The threat actor known as Blind Eagle has been attributed with high confidence to the use of the Russian bulletproof hosting service Proton66.
Trustwave SpiderLabs, in a report published last week, said it was able to make this connection by pivoting from Proton66-linked digital assets, leading to the discovery of an active threat cluster that leverages Visual Basic Script (VBS) files as its initial attack vector and installs off-the-shelf remote access trojans (RATS).
Many threat actors rely on bulletproof hosting providers like Proton66 because these services intentionally ignore abuse reports and legal takedown requests. This makes it easier for attackers to run phishing sites, command-and-control servers, and malware delivery systems without interruption.
The cybersecurity company said it identified a set of domains with a similar naming pattern (e.g., gfast.duckdns[.]org, njfast.duckdns[.]org) beginning in August 2024, all of which resolved to the same IP address (“45.135.232[.]38”) that’s associated with Proton66.
The use of dynamic DNS services like DuckDNS also plays a key role in these operations. Instead of registering new domains each time, attackers rotate subdomains tied to a single IP address — making detection harder for defenders.

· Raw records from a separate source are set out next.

lemma DERIV_powr_divide:
  assumes "w > 0"
  shows "((\<lambda>w. w powr r) has_real_derivative r * w powr r / w) (at w)"
    and "((\<lambda>w. r * w powr r / w) has_real_derivative r * (r - 1) * w powr r / w\<^sup>2) (at w)"
  using DERIV_powr_over_power[OF assms, of r 0] DERIV_cmult[OF DERIV_powr_over_power[OF assms, of r 1], of r]
  by (simp_all add: mult.assoc power2_eq_square)

lemma radial_defect_power:
  assumes "w > 0" and "r = (\<gamma> + 1) / 2"
  shows "radial_defect \<gamma> (\<lambda>w. w powr r) (\<lambda>w. r * w powr r / w) (\<lambda>w. r * (r - 1) * w powr r / w\<^sup>2) w
    = (\<gamma>\<^sup>2 - 1) * (w powr r / w\<^sup>2)"
  using assms(1) unfolding assms(2) by (simp add: radial_defect_def field_simps power2_eq_square)

lemma ratio_to_power_monotone:
  assumes "schroedinger_solution (Wt \<gamma>) \<psi> \<psi>'" and "\<psi>' 0 = 0" and "\<psi> 0 = 1"
    and "\<And>x. x \<ge> 0 \<Longrightarrow> \<psi> x \<ge> 0" and "s * (\<gamma>\<^sup>2 - 1) \<ge> 0" and "v \<ge> 0"
  shows "s * (\<psi> v / (1 + v\<^sup>2) powr ((\<gamma> + 1) / 2)) \<ge> s"
proof -
  have "s * (\<psi> v / (\<lambda>w. w powr ((\<gamma> + 1) / 2)) (1 + v\<^sup>2)) \<ge> s * (\<psi> 0 / (\<lambda>w. w powr ((\<gamma> + 1) / 2)) 1)"
  proof (rule radial_comparison[OF assms(1,2,4) DERIV_powr_divide(1) DERIV_powr_divide(2) _ _ \<open>v \<ge> 0\<close>])
    show "s * radial_defect \<gamma> (\<lambda>w. w powr ((\<gamma> + 1) / 2)) (\<lambda>w. (\<gamma> + 1) / 2 * w powr ((\<gamma> + 1) / 2) / w)
      (\<lambda>w. (\<gamma> + 1) / 2 * ((\<gamma> + 1) / 2 - 1) * w powr ((\<gamma> + 1) / 2) / w\<^sup>2) w \<ge> 0" if "w \<ge> 1" for w
    proof -
      have "w > 0" using that by simp
      then show ?thesis
        unfolding radial_defect_power[OF \<open>w > 0\<close> refl]
        using mult_nonneg_nonneg[OF assms(5), of "w powr ((\<gamma> + 1) / 2) / w\<^sup>2"] by (simp add: mult.assoc)
    qed
  qed auto
  then show ?thesis by (simp add: \<open>\<psi> 0 = 1\<close>)
qed

text \<open>In the two comparison functions below, \<open>a\<close> and \<open>b\<close> are chosen so that the
  \<open>w powr (r - 2)\<close> term of the radial defect cancels; for \<open>a\<close> this needs \<open>\<gamma> > 1/2\<close>.\<close>

lemma corrected_power_has_derivative:
  assumes "w > 0"
  shows "((\<lambda>w. w powr r + a * (w powr r / w)) has_real_derivative
      r * w powr r / w + a * ((r - 1) * w powr r / w\<^sup>2)) (at w)"
    and "((\<lambda>w. r * w powr r / w + a * ((r - 1) * w powr r / w\<^sup>2)) has_real_derivative
      r * (r - 1) * w powr r / w\<^sup>2 + a * ((r - 1) * (r - 2) * w powr r / w ^ 3)) (at w)"
  using DERIV_add[OF DERIV_powr_over_power[OF assms, of r 0]
      DERIV_cmult[OF DERIV_powr_over_power[OF assms, of r 1], of a]]
    DERIV_add[OF DERIV_cmult[OF DERIV_powr_over_power[OF assms, of r 1], of r]
      DERIV_cmult[OF DERIV_cmult[OF DERIV_powr_over_power[OF assms, of r 2], of "r - 1"], of a]]
  by (simp_all add: mult.assoc power2_eq_square)

lemma radial_defect_corrected_power:
  assumes "w > 0" and r: "r = (\<gamma> + 1) / 2" and a: "a * (2 * (2 * \<gamma> - 1)) = 1 - \<gamma>\<^sup>2"
  shows "radial_defect \<gamma> (\<lambda>w. w powr r + a * (w powr r / w))
      (\<lambda>w. r * w powr r / w + a * ((r - 1) * w powr r / w\<^sup>2))
      (\<lambda>w. r * (r - 1) * w powr r / w\<^sup>2 + a * ((r - 1) * (r - 2) * w powr r / w ^ 3)) w
    = a * (\<gamma> - 1) * (\<gamma> - 3) * (w powr r / w ^ 3)"
proof -
  define P where "P = w powr r"
  have "radial_defect \<gamma> (\<lambda>w. w powr r + a * (w powr r / w))
      (\<lambda>w. r * w powr r / w + a * ((r - 1) * w powr r / w\<^sup>2))
      (\<lambda>w. r * (r - 1) * w powr r / w\<^sup>2 + a * ((r - 1) * (r - 2) * w powr r / w ^ 3)) w
      - a * (\<gamma> - 1) * (\<gamma> - 3) * (P / w ^ 3) = (\<gamma>\<^sup>2 - 1 + a * (2 * (2 * \<gamma> - 1))) * P / w\<^sup>2"
    using \<open>w > 0\<close> unfolding radial_defect_def P_def[symmetric]
    by (simp add: r field_simps power2_eq_square power3_eq_cube)
  then show ?thesis
    using a by (simp add: P_def)
qed

lemma power_lower_bound_if_le_1:
  assumes "schroedinger_solution (Wt \<gamma>) \<psi> \<psi>'" and "\<psi>' 0 = 0" and "\<psi> 0 = 1"
    and "\<And>x. x \<ge> 0 \<Longrightarrow> \<psi> x \<ge> 0" and "1/2 < \<gamma>" and "\<gamma> \<le> 1" and "v \<ge> 0"
  shows "\<psi> v \<ge> (1 + v\<^sup>2) powr ((\<gamma> + 1) / 2) / (1 + (1 - \<gamma>\<^sup>2) / (2 * (2 * \<gamma> - 1)))"
proof -
  define r where "r = (\<gamma> + 1) / 2"
  define a where "a = (1 - \<gamma>\<^sup>2) / (2 * (2 * \<gamma> - 1))"
  have "a \<ge> 0"
    using assms(5,6) by (simp add: a_def power_le_one)
  have a: "a * (2 * (2 * \<gamma> - 1)) = 1 - \<gamma>\<^sup>2"
    using assms(5) by (simp add: a_def)
  define \<Phi> where "\<Phi> w = w powr r + a * (w powr r / w)" for w :: real
  have \<Phi>_ge: "\<Phi> w \<ge> w powr r" and \<Phi>_pos: "\<Phi> w > 0" if "w > 0" for w
    using \<open>a \<ge> 0\<close> that by (simp_all add: \<Phi>_def add_pos_nonneg)
  have "1 * (\<psi> v / \<Phi> (1 + v\<^sup>2)) \<ge> 1 * (\<psi> 0 / \<Phi> 1)"
    unfolding \<Phi>_def
  proof (rule radial_comparison[OF assms(1,2,4) corrected_power_has_derivative _ _ \<open>v \<ge> 0\<close>])
    show "w powr r + a * (w powr r / w) > 0" if "w \<ge> 1" for w
      using \<Phi>_pos[of w] that by (simp add: \<Phi>_def)
    have "(\<gamma> - 1) * (\<gamma> - 3) \<ge> 0"
      using assms(6) by (simp add: mult_nonpos_nonpos)
    then show "1 * radial_defect \<gamma> (\<lambda>w. w powr r + a * (w powr r / w))
      (\<lambda>w. r * w powr r / w + a * ((r - 1) * w powr r / w\<^sup>2))
      (\<lambda>w. r * (r - 1) * w powr r / w\<^sup>2 + a * ((r - 1) * (r - 2) * w powr r / w ^ 3)) w \<ge> 0"
      if "w \<ge> 1" for w
    proof -
      have "w > 0" using that by simp
      have "0 \<le> a * ((\<gamma> - 1) * (\<gamma> - 3)) * (w powr r / w ^ 3)"
        by (rule mult_nonneg_nonneg[OF mult_nonneg_nonneg[OF \<open>a \<ge> 0\<close> \<open>(\<gamma> - 1) * (\<gamma> - 3) \<ge> 0\<close>]])
          (use \<open>w > 0\<close> in simp)
      then show ?thesis
        unfolding radial_defect_corrected_power[OF \<open>w > 0\<close> r_def a] by (simp only: mult_1 mult.assoc)
    qed
  qed
  moreover have "\<Phi> (1 + v\<^sup>2) > 0"
    by (rule \<Phi>_pos) (simp add: add_pos_nonneg)
  ultimately have "\<Phi> (1 + v\<^sup>2) / (1 + a) \<le> \<psi> v"
    using \<open>a \<ge> 0\<close> \<open>\<psi> 0 = 1\<close> by (simp add: \<Phi>_def field_simps)
  moreover have "(1 + v\<^sup>2) powr r / (1 + a) \<le> \<Phi> (1 + v\<^sup>2) / (1 + a)"
    using \<Phi>_ge[of "1 + v\<^sup>2"] \<open>a \<ge> 0\<close> by (simp add: add_pos_nonneg divide_right_mono)
  ultimately show ?thesis
    by (simp add: r_def a_def)
qed

lemma damped_power_has_derivative:
  assumes "w > 0"
  shows "((\<lambda>w. w powr r * exp (- b / w)) has_real_derivative
      exp (- b / w) * (r * (w powr r / w) + b * (w powr r / w\<^sup>2))) (at w)"
    and "((\<lambda>w. exp (- b / w) * (r * (w powr r / w) + b * (w powr r / w\<^sup>2))) has_real_derivative
      exp (- b / w) * (r * (r - 1) * (w powr r / w\<^sup>2) + 2 * b * (r - 1) * (w powr r / w ^ 3)
        + b\<^sup>2 * (w powr r / w ^ 4))) (at w)"
proof -
  have exp_deriv: "((\<lambda>w. exp (- b / w)) has_real_derivative exp (- b / w) * (b / w\<^sup>2)) (at w)"
    using assms by (auto intro!: derivative_eq_intros simp: power2_eq_square)
  have d1: "((\<lambda>w. w powr r / w) has_real_derivative (r - 1) * (w powr r / w\<^sup>2)) (at w)"
    using DERIV_powr_over_power[OF assms, of r 1] by (simp add: power2_eq_square)
  have d2: "((\<lambda>w. w powr r / w\<^sup>2) has_real_derivative (r - 2) * (w powr r / w ^ 3)) (at w)"
    using DERIV_powr_over_power[OF assms, of r 2] by simp
  show "((\<lambda>w. w powr r * exp (- b / w)) has_real_derivative
      exp (- b / w) * (r * (w powr r / w) + b * (w powr r / w\<^sup>2))) (at w)"
    using DERIV_mult[OF DERIV_powr_over_power[OF assms, of r 0] exp_deriv] assms
    by (simp add: field_simps power2_eq_square)
  show "((\<lambda>w. exp (- b / w) * (r * (w powr r / w) + b * (w powr r / w\<^sup>2))) has_real_derivative
      exp (- b / w) * (r * (r - 1) * (w powr r / w\<^sup>2) + 2 * b * (r - 1) * (w powr r / w ^ 3)
        + b\<^sup>2 * (w powr r / w ^ 4))) (at w)"
    by (rule DERIV_cong[OF DERIV_mult[OF exp_deriv DERIV_add[OF DERIV_cmult[OF d1] DERIV_cmult[OF d2]]]])
      (use assms in \<open>simp add: field_simps power2_eq_square power3_eq_cube power4_eq_xxxx\<close>)
qed

lemma radial_defect_damped_power:
  assumes "w > 0" and "r = (\<gamma> + 1) / 2" and "b = (\<gamma>\<^sup>2 - 1) / 2"
  shows "radial_defect \<gamma> (\<lambda>w. w powr r * exp (- b / w))
      (\<lambda>w. exp (- b / w) * (r * (w powr r / w) + b * (w powr r / w\<^sup>2)))
      (\<lambda>w. exp (- b / w) * (r * (r - 1) * (w powr r / w\<^sup>2) + 2 * b * (r - 1) * (w powr r / w ^ 3)
        + b\<^sup>2 * (w powr r / w ^ 4))) w
    = - (4 * b * (w - 1) * ((\<gamma> - 1) * w + b) * (w powr r * exp (- b / w) / w ^ 4))"
  using assms(1) unfolding radial_defect_def assms(2,3)
  by (simp add: field_simps power2_eq_square power3_eq_cube power4_eq_xxxx)

lemma power_upper_bound_if_ge_1:
  assumes "schroedinger_solution (Wt \<gamma>) \<psi> \<psi>'" and "\<psi>' 0 = 0" and "\<psi> 0 = 1"
    and "\<And>x. x \<ge> 0 \<Longrightarrow> \<psi> x \<ge> 0" and "\<gamma> \<ge> 1" and "v \<ge> 0"
  shows "\<psi> v \<le> exp ((\<gamma>\<^sup>2 - 1) / 2) * (1 + v\<^sup>2) powr ((\<gamma> + 1) / 2)"
proof -
  define r where "r = (\<gamma> + 1) / 2"
  define b where "b = (\<gamma>\<^sup>2 - 1) / 2"
  have "b \<ge> 0"
    using assms(5) by (simp add: b_def one_le_power)
  define \<Phi> where "\<Phi> w = w powr r * exp (- b / w)" for w :: real
  have "- 1 * (\<psi> v / \<Phi> (1 + v\<^sup>2)) \<ge> - 1 * (\<psi> 0 / \<Phi> 1)"
    unfolding \<Phi>_def
  proof (rule radial_comparison[OF assms(1,2,4) damped_power_has_derivative _ _ \<open>v \<ge> 0\<close>])
    show "w powr r * exp (- b / w) > 0" if "w \<ge> 1" for w
      using that by simp
    show "- 1 * radial_defect \<gamma> (\<lambda>w. w powr r * exp (- b / w))
      (\<lambda>w. exp (- b / w) * (r * (w powr r / w) + b * (w powr r / w\<^sup>2)))
      (\<lambda>w. exp (- b / w) * (r * (r - 1) * (w powr r / w\<^sup>2) + 2 * b * (r - 1) * (w powr r / w ^ 3)
        + b\<^sup>2 * (w powr r / w ^ 4))) w \<ge> 0" if "w \<ge> 1" for w
    proof -
      have "w > 0" using that by simp
      then show ?thesis
        unfolding radial_defect_damped_power[OF \<open>w > 0\<close> r_def b_def]
        using that \<open>b \<ge> 0\<close> assms(5) by simp
    qed
  qed
  moreover have "1 + v\<^sup>2 > 0"
    by (simp add: add_pos_nonneg)
  then have "\<Phi> (1 + v\<^sup>2) > 0"
    by (simp add: \<Phi>_def)
  moreover have "\<Phi> 1 = exp (- b)"
    by (simp add: \<Phi>_def)
  ultimately have "\<psi> v \<le> \<Phi> (1 + v\<^sup>2) * exp b"
    using \<open>\<psi> 0 = 1\<close> by (simp add: field_simps exp_minus)
  also have "\<dots> \<le> (1 + v\<^sup>2) powr r * exp b"
    using \<open>b \<ge> 0\<close> \<open>1 + v\<^sup>2 > 0\<close> by (simp add: \<Phi>_def)
  finally show ?thesis by (simp add: r_def b_def mult.commute)
qed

“The domains in question were used to host a variety of malicious content, including phishing pages and VBS scripts that serve as the initial stage of malware deployment,” security researcher Serhii Melnyk said. “These scripts act as loaders for second-stage tools, which, in this campaign, are limited to publicly available and often open-source RATs.”
While Visual Basic Script (VBS) might seem outdated, it’s still a go-to tool for initial access due to its compatibility with Windows systems and ability to run silently in the background. Attackers use it to download malware loaders, bypass antivirus tools, and blend into normal user activity. These lightweight scripts are often the first step in multi-stage attacks, which later deploy remote access trojans (RATs), data stealers, or keyloggers.
The phishing pages have been found to legitimate Colombian banks and financial institutions, including Bancolombia, BBVA, Banco Caja Social, and Davivienda. Blind Eagle, also known as AguilaCiega, APT-C-36, and APT-Q-98, is known for its targeting of entities in South America, particularly Colombia and Ecuador.
The deceptive sites are engineered to harvest user credentials and other sensitive information. The VBS payloads hosted on the infrastructure come fitted with capabilities to retrieve encrypted executable files from a remote server, essentially acting as a loader for commodity RATS like AsyncRAT or Remcos RAT.
Furthermore, an analysis of the VBS codes has revealed overlaps with Vbs-Crypter, a tool linked to a subscription-based crypter service called Crypters and Tools that’s used to obfuscate and pack VBS payloads with an aim to avoid detection.
Trustwave said it also discovered a botnet panel that allows users to “control infected machines, retrieve exfiltrated data, and interact with infected endpoints through a broad set of capabilities typically found in commodity RAT management suites.”
The disclosure comes as Darktrace revealed details of a Blind Eagle campaign that has been targeting Colombian organizations since November 2024 by exploiting a now-patched Windows flaw (CVE-2024-43451) to download and execute the next-stage payload, a behavior that was first documented by Check Point in March 2025.
“The persistence of Blind Eagle and ability to adapt its tactics, even after patches were released, and the speed at which the group were able to continue using pre-established TTPs highlights that timely vulnerability management and patch application, while essential, is not a standalone defense,” the company said.